Task prompt:
Nothing but a number is wanted: the count of lines in the records below that include "metis".

Provided data:
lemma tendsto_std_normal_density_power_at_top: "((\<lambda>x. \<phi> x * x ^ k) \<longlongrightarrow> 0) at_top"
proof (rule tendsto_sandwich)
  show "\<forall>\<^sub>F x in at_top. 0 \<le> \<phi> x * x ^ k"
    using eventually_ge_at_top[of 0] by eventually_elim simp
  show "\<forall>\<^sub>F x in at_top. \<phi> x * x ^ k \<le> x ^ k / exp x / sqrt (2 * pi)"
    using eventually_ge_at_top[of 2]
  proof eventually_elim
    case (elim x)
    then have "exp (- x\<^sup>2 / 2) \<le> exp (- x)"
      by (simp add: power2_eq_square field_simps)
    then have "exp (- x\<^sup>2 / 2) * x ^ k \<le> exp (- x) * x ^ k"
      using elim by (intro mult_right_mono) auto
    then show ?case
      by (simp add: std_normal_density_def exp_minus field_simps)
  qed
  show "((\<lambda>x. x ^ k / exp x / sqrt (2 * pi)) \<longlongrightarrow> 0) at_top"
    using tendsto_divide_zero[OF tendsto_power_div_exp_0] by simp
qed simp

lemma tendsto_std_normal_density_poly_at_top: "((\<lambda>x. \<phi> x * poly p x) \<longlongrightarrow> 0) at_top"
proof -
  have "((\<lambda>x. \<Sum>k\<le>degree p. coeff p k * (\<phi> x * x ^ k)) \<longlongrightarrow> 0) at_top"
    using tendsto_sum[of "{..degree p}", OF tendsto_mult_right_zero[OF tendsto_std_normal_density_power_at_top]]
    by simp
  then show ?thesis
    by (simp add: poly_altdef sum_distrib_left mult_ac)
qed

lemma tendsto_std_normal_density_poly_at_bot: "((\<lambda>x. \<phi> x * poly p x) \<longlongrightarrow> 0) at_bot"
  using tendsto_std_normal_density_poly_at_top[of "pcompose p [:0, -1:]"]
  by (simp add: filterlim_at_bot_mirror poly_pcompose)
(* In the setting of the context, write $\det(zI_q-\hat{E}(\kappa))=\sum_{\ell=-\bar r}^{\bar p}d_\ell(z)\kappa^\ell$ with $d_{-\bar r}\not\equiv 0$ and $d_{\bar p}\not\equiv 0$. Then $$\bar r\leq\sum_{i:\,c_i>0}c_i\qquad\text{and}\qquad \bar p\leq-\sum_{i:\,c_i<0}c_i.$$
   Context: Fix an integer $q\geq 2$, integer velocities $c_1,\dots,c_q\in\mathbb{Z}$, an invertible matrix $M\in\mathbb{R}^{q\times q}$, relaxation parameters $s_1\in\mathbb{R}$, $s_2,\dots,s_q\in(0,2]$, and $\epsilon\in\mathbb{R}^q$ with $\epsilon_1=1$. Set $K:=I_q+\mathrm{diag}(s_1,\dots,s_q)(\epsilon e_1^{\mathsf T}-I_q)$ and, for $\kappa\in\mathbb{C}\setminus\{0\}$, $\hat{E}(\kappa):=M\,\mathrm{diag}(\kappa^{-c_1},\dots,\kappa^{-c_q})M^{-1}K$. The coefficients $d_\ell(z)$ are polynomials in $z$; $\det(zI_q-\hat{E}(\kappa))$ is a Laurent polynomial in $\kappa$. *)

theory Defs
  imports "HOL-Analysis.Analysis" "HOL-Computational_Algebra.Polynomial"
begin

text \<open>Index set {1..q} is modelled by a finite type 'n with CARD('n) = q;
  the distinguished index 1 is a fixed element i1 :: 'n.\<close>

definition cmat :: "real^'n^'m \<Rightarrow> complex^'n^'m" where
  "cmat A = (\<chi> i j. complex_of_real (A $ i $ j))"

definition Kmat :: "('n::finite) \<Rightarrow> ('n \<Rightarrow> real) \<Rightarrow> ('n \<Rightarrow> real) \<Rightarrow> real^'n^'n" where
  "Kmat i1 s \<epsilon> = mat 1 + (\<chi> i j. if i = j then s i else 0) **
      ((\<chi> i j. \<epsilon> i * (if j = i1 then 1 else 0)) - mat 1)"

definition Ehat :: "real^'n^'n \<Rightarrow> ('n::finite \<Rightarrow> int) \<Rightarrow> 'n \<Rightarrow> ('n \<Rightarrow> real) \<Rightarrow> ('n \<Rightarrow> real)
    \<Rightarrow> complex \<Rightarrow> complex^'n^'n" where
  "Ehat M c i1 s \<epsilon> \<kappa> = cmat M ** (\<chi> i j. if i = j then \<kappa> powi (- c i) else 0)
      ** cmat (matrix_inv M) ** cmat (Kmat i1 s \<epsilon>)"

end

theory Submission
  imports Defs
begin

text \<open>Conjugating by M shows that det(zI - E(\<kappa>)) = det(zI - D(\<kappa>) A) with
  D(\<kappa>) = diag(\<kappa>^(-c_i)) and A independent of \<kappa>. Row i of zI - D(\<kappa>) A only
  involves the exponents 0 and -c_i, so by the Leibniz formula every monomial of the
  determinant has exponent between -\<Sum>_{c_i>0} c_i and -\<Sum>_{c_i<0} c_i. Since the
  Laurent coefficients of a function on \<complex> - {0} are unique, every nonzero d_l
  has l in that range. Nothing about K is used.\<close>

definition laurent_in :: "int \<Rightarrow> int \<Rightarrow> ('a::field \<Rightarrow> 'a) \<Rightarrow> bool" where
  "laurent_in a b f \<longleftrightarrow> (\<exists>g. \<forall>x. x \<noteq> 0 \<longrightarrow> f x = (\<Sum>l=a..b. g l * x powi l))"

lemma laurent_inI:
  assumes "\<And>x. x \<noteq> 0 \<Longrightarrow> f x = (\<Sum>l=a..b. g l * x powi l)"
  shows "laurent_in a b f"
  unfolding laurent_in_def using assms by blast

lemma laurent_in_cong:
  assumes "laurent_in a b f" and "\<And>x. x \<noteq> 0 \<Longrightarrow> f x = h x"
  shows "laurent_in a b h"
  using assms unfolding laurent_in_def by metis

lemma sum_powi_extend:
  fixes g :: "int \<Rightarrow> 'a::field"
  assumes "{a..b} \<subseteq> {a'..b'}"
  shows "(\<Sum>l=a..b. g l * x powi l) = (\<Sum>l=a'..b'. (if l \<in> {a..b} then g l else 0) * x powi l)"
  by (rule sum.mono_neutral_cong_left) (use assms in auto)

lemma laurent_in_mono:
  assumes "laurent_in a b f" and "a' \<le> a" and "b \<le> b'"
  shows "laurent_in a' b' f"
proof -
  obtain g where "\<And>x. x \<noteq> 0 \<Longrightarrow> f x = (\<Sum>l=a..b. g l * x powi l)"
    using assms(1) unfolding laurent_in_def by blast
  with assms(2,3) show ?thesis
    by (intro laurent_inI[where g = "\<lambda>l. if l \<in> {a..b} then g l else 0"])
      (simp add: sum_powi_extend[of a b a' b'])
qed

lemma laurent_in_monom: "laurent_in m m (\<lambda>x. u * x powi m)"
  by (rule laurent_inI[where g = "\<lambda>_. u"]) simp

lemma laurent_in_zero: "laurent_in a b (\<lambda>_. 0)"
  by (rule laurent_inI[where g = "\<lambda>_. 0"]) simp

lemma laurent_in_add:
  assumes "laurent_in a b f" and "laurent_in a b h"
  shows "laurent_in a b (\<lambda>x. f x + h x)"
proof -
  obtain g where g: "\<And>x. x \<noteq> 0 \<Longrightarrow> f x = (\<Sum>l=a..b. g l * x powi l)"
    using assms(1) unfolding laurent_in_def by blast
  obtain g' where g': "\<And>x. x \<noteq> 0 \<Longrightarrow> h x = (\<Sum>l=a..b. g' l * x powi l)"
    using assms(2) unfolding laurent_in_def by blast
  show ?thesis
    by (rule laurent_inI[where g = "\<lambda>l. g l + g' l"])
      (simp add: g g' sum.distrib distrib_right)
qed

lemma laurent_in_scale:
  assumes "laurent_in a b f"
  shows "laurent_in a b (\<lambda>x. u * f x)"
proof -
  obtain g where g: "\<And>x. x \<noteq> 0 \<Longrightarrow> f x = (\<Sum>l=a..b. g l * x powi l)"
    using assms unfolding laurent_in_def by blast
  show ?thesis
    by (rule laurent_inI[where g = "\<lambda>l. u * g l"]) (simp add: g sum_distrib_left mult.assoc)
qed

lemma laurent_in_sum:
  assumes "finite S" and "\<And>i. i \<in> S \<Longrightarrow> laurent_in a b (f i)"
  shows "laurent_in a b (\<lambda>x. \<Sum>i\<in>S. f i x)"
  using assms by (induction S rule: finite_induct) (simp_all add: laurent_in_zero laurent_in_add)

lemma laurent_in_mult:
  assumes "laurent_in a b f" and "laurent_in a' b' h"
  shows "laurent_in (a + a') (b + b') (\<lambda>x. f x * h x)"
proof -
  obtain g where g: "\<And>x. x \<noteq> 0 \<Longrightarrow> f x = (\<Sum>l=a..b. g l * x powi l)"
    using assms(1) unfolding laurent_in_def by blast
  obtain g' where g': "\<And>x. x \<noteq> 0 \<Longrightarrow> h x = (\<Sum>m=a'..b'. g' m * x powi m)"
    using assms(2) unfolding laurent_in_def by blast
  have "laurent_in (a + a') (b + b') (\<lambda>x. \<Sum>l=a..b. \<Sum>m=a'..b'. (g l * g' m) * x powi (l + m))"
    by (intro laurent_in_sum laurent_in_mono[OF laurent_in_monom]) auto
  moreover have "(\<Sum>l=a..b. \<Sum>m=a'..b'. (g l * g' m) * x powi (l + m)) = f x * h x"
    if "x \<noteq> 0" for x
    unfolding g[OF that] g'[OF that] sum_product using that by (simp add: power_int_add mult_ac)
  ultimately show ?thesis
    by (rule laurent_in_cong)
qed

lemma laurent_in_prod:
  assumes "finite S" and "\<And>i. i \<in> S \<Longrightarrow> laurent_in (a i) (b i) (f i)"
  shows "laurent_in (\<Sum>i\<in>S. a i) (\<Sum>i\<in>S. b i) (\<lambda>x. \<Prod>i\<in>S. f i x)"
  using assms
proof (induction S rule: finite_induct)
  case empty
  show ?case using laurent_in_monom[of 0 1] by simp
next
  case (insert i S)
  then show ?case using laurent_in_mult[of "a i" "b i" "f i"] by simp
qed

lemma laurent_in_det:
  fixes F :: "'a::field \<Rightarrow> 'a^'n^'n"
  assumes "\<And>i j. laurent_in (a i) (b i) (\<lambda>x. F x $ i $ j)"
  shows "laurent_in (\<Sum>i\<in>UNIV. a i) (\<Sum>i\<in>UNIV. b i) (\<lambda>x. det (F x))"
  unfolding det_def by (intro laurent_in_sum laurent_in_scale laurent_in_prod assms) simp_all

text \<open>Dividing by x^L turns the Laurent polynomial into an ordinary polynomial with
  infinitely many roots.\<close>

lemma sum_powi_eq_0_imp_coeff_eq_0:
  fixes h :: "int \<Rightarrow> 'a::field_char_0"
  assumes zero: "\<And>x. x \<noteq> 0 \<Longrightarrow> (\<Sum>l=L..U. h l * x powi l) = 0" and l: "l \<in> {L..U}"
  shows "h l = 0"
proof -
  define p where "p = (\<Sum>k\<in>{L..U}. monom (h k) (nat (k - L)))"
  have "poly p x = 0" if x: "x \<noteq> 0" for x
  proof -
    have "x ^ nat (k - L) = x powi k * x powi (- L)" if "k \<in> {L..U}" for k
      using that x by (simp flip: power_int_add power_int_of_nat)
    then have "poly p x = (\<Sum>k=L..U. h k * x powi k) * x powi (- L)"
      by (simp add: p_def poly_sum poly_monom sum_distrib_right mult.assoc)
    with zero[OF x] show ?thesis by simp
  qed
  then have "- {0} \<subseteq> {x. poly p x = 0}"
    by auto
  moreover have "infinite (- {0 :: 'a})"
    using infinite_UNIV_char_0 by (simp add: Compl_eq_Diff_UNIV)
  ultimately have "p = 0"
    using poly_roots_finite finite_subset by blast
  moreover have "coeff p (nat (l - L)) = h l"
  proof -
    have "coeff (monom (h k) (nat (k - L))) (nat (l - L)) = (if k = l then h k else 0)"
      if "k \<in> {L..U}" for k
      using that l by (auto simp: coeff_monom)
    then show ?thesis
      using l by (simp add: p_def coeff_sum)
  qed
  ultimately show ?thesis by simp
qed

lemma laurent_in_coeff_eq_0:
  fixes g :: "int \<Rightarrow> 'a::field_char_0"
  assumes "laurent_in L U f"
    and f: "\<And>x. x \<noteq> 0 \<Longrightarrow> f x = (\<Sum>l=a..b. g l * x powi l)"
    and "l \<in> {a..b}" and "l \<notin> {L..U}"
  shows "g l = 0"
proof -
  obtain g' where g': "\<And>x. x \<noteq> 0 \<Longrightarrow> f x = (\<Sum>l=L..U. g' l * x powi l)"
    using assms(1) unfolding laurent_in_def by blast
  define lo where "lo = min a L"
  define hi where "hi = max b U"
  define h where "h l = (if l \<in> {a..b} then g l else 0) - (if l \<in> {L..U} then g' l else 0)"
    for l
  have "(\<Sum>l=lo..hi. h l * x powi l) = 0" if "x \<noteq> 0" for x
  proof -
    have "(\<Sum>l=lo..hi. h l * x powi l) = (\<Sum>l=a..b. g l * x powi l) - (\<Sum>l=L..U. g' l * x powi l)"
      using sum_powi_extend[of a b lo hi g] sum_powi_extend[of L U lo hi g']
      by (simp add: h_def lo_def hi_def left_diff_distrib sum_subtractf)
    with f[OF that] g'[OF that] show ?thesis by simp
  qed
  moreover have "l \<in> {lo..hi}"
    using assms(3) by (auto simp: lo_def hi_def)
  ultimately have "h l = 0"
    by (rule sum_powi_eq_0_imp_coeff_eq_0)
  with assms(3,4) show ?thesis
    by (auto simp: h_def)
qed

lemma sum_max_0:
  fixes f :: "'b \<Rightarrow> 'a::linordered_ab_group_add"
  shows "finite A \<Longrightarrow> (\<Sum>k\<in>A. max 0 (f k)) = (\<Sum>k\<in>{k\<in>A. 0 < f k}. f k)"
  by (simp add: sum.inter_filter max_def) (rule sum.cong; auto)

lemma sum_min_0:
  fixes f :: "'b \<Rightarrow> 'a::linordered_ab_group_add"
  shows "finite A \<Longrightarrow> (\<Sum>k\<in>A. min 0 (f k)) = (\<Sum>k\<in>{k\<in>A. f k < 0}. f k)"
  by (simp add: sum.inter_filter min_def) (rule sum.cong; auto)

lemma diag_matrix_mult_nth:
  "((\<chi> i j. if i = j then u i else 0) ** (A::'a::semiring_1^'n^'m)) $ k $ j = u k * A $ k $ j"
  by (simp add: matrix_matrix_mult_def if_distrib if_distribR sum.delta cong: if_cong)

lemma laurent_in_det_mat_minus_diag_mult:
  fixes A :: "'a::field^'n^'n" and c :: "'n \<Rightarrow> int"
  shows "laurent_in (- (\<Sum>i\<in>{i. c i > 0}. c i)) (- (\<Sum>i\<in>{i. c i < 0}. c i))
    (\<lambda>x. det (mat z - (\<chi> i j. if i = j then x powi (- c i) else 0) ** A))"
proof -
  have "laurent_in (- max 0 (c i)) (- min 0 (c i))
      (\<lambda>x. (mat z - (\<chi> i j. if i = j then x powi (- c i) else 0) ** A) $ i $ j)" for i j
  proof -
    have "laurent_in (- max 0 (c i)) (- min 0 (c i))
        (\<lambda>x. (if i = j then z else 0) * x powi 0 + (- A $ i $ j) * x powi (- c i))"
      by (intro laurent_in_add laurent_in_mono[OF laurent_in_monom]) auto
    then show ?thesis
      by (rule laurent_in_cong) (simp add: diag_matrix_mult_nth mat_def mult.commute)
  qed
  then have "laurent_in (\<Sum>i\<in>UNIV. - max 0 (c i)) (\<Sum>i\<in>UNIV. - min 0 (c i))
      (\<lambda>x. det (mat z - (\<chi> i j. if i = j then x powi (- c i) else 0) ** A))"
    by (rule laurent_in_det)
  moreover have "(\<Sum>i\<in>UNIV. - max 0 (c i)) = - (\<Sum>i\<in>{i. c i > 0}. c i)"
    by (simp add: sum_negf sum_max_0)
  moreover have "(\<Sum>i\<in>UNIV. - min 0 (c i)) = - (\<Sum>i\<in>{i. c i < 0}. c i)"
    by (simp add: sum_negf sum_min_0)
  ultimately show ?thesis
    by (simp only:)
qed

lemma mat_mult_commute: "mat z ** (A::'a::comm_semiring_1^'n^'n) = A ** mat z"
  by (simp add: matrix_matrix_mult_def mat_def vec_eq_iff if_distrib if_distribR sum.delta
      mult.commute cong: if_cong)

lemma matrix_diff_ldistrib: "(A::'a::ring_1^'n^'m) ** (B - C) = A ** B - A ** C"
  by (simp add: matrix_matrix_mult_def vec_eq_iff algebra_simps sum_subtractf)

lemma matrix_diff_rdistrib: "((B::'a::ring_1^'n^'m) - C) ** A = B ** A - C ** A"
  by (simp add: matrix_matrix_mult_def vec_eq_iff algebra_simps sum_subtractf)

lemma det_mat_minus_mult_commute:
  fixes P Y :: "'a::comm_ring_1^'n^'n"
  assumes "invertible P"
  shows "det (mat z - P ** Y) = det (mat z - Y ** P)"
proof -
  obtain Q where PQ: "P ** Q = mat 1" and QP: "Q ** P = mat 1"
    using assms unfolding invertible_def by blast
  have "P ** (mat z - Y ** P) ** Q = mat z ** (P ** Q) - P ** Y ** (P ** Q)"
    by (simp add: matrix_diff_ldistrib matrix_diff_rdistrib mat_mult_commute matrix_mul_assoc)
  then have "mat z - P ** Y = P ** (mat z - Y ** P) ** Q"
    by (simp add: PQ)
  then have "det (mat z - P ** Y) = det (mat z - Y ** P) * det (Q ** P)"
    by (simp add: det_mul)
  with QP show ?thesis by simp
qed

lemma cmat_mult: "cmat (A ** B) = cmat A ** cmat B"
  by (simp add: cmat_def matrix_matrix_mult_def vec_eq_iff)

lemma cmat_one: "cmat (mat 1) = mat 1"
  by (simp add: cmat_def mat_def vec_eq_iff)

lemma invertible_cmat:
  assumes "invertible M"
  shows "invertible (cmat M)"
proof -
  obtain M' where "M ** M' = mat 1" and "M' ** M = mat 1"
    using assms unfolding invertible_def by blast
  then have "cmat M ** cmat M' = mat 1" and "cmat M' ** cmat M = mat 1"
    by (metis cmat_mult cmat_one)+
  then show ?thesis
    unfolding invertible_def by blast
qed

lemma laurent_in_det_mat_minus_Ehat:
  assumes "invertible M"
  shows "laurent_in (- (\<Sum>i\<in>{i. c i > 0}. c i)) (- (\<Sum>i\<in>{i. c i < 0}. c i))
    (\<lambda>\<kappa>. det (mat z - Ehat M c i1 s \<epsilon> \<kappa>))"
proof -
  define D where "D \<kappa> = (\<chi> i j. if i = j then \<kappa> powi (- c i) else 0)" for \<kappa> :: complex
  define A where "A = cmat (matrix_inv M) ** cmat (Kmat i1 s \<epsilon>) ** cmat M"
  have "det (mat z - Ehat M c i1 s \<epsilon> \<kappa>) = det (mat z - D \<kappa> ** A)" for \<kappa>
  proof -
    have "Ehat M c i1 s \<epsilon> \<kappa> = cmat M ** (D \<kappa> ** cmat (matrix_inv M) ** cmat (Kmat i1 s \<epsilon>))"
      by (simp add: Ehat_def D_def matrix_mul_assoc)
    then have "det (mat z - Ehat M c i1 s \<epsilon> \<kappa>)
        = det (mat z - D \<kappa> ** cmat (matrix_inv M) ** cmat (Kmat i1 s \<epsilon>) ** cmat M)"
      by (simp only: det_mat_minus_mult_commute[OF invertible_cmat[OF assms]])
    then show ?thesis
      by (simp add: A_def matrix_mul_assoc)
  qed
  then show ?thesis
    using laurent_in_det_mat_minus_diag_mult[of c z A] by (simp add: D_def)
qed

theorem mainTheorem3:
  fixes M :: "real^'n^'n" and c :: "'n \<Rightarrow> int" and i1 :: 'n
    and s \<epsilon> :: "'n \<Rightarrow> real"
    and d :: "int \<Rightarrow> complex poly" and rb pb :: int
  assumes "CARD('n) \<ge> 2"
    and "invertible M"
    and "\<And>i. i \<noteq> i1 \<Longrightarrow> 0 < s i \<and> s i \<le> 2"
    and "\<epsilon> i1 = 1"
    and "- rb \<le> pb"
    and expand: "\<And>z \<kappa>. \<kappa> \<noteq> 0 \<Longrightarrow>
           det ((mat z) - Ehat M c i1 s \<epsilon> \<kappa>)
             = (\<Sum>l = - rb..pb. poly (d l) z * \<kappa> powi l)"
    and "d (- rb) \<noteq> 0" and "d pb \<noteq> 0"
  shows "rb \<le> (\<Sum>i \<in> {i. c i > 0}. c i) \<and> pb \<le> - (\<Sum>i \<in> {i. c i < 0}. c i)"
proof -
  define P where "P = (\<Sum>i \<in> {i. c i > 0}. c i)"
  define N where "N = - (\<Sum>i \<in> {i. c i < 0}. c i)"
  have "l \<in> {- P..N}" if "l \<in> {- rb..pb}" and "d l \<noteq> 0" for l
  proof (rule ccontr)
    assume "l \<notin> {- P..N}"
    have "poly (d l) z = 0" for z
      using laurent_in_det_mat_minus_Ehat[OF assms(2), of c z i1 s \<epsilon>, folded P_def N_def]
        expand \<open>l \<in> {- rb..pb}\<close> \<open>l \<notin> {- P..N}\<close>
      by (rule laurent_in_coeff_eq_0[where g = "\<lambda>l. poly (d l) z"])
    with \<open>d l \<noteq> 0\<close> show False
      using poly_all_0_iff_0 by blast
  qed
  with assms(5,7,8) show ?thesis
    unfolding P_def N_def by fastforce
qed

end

Answer space:
2